Start of Dataset excerpts

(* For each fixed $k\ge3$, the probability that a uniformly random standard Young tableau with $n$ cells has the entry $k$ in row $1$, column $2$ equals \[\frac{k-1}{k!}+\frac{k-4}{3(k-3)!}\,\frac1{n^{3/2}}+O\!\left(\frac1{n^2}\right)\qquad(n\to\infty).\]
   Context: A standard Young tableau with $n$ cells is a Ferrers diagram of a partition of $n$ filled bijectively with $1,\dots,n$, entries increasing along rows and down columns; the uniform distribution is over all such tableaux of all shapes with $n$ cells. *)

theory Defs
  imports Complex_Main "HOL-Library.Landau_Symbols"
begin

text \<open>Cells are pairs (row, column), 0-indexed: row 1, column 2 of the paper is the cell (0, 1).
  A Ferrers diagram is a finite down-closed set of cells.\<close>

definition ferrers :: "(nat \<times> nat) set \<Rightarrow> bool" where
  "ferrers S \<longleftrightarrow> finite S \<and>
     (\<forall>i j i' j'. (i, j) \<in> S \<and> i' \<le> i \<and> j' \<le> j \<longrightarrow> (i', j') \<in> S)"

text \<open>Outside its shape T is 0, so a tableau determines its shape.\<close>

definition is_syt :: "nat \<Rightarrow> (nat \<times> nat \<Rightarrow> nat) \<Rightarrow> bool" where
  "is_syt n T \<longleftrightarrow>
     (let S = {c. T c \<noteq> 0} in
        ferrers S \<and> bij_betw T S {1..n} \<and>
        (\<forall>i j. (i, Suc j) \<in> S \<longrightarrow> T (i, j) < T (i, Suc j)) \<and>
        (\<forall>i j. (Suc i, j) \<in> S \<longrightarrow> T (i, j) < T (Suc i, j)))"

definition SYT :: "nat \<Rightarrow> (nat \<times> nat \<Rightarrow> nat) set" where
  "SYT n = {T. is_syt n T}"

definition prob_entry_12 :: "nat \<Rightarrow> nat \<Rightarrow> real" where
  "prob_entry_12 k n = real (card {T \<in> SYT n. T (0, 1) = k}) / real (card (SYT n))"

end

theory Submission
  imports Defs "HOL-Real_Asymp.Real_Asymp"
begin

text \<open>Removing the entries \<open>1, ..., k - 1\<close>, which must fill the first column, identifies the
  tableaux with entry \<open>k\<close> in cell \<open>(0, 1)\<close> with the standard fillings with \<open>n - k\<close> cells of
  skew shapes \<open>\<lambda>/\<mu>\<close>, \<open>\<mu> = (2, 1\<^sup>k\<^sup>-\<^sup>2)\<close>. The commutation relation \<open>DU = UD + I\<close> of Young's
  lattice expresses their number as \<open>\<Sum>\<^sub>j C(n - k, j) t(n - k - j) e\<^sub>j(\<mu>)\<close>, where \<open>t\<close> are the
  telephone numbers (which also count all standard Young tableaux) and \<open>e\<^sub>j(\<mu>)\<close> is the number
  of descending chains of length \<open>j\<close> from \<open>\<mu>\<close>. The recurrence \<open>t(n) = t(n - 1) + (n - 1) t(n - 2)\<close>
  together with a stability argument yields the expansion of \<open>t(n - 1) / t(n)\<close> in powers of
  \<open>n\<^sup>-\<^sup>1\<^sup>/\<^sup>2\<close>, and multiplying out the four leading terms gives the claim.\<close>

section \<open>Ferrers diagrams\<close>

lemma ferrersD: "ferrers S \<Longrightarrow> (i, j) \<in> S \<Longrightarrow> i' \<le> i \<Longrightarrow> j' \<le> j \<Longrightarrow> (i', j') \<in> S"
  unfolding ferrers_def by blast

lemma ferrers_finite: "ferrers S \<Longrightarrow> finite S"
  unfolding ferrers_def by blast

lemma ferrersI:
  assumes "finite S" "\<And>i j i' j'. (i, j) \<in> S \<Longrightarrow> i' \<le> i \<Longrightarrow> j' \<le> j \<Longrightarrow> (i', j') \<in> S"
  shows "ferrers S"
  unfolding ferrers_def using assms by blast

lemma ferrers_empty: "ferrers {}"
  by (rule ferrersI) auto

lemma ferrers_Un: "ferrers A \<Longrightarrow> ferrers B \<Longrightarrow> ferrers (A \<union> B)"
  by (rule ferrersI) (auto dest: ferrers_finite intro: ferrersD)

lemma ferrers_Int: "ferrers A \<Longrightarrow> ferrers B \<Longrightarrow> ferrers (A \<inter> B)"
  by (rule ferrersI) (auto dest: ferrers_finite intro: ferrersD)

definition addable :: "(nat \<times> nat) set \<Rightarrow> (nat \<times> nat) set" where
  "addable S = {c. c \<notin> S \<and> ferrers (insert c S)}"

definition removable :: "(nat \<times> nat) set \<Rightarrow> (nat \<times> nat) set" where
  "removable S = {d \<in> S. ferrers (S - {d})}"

End of Dataset excerpts

Task directions: Identify each line in the entries with the word "definition" and copy it.

Response area:
definition ferrers :: "(nat \<times> nat) set \<Rightarrow> bool" where
definition is_syt :: "nat \<Rightarrow> (nat \<times> nat \<Rightarrow> nat) \<Rightarrow> bool" where
definition SYT :: "nat \<Rightarrow> (nat \<times> nat \<Rightarrow> nat) set" where
definition prob_entry_12 :: "nat \<Rightarrow> nat \<Rightarrow> real" where
definition addable :: "(nat \<times> nat) set \<Rightarrow> (nat \<times> nat) set" where
definition removable :: "(nat \<times> nat) set \<Rightarrow> (nat \<times> nat) set" where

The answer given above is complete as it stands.